> _EXERCISE DESCRIPTION_: Go through the data and copy each line where the word "sets" shows up.

> _PROVIDED RECORDS_:
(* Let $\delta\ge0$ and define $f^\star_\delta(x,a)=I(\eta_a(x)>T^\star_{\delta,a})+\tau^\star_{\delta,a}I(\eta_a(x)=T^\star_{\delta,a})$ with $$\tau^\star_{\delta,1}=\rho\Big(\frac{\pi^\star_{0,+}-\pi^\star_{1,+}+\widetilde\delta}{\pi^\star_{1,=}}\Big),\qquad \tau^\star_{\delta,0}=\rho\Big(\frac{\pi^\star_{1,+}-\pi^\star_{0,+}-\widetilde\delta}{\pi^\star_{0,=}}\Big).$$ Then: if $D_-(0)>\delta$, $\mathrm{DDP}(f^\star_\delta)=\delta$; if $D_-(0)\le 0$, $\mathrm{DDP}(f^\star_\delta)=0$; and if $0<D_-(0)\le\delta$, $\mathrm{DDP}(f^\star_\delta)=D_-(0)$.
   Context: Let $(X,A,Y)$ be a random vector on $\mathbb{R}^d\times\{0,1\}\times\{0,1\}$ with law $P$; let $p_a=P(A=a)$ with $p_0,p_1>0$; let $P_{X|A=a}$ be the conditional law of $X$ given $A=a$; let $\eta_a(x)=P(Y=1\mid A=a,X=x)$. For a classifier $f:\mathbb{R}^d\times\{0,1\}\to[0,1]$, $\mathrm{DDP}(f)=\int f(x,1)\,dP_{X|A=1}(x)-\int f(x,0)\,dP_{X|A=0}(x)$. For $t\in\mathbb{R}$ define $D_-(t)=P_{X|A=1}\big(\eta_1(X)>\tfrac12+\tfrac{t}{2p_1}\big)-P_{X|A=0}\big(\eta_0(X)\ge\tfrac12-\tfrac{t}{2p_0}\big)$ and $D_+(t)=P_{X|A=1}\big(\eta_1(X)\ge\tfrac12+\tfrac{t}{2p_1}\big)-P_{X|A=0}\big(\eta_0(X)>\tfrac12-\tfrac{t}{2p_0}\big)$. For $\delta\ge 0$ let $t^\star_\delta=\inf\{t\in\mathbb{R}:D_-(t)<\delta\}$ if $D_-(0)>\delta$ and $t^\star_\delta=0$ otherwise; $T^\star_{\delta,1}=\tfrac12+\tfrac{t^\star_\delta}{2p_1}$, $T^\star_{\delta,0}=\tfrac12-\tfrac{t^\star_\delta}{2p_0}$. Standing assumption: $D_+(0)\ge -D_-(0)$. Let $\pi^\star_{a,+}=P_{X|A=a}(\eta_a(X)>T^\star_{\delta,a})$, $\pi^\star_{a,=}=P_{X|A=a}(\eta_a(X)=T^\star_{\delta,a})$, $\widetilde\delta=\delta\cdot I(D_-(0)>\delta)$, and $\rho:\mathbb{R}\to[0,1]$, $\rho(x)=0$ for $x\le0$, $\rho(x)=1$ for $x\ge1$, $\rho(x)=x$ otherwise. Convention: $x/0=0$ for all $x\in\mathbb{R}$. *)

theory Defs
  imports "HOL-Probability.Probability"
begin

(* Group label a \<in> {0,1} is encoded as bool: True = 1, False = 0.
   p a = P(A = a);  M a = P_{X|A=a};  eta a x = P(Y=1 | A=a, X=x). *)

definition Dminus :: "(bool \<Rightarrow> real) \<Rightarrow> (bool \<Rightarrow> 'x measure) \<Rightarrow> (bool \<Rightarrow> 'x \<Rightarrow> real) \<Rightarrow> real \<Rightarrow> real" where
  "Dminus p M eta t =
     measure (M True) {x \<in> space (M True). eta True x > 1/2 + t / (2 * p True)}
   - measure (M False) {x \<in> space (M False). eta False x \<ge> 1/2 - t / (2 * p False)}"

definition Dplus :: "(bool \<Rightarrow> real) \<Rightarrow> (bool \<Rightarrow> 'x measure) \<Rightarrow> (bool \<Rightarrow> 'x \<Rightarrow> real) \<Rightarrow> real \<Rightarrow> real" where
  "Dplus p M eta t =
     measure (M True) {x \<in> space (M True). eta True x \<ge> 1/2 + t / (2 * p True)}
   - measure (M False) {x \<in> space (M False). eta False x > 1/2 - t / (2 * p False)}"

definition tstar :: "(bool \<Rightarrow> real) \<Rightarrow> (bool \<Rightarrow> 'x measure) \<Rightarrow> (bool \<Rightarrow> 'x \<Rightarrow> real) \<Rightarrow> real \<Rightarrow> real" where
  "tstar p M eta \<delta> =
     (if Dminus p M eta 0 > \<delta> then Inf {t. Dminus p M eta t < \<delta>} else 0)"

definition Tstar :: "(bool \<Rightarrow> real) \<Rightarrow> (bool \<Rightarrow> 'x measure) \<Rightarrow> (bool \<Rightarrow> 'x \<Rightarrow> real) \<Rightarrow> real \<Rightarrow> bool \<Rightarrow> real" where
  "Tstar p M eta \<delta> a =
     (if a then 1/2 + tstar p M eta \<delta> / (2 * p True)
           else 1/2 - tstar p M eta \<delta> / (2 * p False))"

==

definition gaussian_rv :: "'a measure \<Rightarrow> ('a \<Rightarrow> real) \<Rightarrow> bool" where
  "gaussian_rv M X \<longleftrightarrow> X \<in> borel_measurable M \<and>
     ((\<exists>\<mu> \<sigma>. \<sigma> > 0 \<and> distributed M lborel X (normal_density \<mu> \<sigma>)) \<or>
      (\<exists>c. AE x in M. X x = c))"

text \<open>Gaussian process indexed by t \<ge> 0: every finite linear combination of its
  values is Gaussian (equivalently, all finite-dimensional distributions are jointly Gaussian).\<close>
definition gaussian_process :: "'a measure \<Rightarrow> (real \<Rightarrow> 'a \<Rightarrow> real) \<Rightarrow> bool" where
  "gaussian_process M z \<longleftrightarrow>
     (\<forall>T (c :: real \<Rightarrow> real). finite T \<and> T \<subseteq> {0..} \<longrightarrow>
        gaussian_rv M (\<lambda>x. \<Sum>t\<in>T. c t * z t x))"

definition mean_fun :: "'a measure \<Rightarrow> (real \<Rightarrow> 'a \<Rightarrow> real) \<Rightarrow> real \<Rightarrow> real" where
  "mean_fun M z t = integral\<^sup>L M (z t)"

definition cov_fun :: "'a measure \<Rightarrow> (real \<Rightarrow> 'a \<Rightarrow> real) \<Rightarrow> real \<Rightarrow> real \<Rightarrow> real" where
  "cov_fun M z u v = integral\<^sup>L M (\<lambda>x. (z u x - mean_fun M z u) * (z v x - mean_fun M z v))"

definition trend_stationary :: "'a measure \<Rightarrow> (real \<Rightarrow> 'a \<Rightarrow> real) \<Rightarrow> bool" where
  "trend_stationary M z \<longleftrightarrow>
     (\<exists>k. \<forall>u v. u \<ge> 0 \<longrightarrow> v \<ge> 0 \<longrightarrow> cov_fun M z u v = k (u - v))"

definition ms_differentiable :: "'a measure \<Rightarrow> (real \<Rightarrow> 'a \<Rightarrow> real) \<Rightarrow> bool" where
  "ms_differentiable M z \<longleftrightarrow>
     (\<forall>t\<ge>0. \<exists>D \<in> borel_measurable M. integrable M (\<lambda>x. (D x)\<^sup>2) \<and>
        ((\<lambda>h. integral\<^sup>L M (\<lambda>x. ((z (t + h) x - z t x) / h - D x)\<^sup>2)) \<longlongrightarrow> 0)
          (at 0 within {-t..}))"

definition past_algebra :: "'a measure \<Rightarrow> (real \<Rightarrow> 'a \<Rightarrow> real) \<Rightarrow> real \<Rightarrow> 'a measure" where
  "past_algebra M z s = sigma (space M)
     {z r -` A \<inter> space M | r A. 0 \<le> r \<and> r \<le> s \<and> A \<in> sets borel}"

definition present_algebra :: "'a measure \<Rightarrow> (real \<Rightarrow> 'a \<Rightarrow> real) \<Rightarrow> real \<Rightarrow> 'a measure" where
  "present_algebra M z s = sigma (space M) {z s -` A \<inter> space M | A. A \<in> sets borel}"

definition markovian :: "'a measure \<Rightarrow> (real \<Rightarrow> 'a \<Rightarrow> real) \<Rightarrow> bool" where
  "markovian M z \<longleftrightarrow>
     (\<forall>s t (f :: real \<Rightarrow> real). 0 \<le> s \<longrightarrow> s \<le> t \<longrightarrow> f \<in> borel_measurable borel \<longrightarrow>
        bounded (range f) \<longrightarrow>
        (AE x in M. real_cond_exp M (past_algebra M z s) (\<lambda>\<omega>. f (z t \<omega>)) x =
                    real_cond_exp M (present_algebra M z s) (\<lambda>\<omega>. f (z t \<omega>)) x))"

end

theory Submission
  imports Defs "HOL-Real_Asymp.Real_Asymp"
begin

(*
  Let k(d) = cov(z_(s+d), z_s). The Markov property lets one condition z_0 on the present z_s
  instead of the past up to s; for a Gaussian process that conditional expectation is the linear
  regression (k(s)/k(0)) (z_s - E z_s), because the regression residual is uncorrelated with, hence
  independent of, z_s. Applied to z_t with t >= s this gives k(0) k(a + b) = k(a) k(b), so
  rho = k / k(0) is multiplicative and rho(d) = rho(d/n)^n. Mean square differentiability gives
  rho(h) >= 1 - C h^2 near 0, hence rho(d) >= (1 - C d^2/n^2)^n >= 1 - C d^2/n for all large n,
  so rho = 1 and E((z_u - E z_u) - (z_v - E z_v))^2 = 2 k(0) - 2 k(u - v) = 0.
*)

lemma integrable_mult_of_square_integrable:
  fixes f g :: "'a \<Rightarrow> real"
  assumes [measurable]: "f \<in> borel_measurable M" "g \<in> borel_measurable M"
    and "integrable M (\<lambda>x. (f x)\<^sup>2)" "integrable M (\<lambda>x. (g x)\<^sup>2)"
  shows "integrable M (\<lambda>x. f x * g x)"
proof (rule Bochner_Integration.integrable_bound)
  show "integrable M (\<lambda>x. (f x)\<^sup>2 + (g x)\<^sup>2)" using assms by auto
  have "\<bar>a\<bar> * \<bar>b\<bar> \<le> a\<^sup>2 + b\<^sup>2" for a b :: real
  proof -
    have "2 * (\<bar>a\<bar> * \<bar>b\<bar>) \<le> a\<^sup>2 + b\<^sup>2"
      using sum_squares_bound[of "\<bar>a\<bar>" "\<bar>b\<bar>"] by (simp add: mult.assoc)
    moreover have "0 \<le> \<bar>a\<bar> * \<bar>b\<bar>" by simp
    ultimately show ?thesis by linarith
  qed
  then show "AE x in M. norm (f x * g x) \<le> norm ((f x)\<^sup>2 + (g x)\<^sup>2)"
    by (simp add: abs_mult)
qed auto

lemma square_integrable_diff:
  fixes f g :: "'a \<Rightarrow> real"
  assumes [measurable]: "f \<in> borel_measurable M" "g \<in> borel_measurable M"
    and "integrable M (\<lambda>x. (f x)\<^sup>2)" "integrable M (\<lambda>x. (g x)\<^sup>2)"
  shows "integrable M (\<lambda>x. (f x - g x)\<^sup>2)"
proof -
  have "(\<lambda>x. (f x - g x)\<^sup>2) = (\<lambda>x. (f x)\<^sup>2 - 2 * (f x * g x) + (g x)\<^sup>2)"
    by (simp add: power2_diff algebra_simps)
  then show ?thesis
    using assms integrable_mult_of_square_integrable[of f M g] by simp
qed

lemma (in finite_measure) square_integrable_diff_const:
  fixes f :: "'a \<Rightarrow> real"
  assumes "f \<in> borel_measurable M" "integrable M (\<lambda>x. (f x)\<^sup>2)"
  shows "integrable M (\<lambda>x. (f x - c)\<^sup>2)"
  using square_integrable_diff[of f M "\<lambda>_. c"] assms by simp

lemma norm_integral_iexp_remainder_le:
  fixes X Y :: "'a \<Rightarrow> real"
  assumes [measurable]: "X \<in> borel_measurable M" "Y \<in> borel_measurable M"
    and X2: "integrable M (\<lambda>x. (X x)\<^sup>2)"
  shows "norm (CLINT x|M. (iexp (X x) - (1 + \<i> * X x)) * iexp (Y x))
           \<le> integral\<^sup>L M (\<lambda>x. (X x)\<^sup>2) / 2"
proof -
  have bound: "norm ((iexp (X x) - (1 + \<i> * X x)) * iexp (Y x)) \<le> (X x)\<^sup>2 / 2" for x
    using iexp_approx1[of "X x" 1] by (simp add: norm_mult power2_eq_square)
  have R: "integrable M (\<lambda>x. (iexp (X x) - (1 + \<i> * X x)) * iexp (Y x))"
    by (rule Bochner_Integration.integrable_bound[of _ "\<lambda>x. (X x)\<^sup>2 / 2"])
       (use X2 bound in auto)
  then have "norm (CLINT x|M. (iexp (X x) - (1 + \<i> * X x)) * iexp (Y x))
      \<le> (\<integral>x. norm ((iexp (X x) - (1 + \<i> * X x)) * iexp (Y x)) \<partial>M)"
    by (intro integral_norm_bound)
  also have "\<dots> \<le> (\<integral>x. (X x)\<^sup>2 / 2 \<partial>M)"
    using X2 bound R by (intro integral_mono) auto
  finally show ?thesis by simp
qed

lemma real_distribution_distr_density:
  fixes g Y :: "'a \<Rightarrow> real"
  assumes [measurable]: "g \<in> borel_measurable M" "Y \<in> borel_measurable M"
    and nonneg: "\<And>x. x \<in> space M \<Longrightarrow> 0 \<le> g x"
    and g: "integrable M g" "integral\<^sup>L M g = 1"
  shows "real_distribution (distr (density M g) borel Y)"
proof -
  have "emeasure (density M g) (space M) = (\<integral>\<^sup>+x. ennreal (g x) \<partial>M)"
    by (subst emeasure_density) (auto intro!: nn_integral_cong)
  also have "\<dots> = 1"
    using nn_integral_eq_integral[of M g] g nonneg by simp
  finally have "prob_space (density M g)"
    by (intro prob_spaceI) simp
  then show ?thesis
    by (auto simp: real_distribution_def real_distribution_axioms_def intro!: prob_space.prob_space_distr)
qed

> _TASK RESULT_:
     {z r -` A \<inter> space M | r A. 0 \<le> r \<and> r \<le> s \<and> A \<in> sets borel}"
  "present_algebra M z s = sigma (space M) {z s -` A \<inter> space M | A. A \<in> sets borel}"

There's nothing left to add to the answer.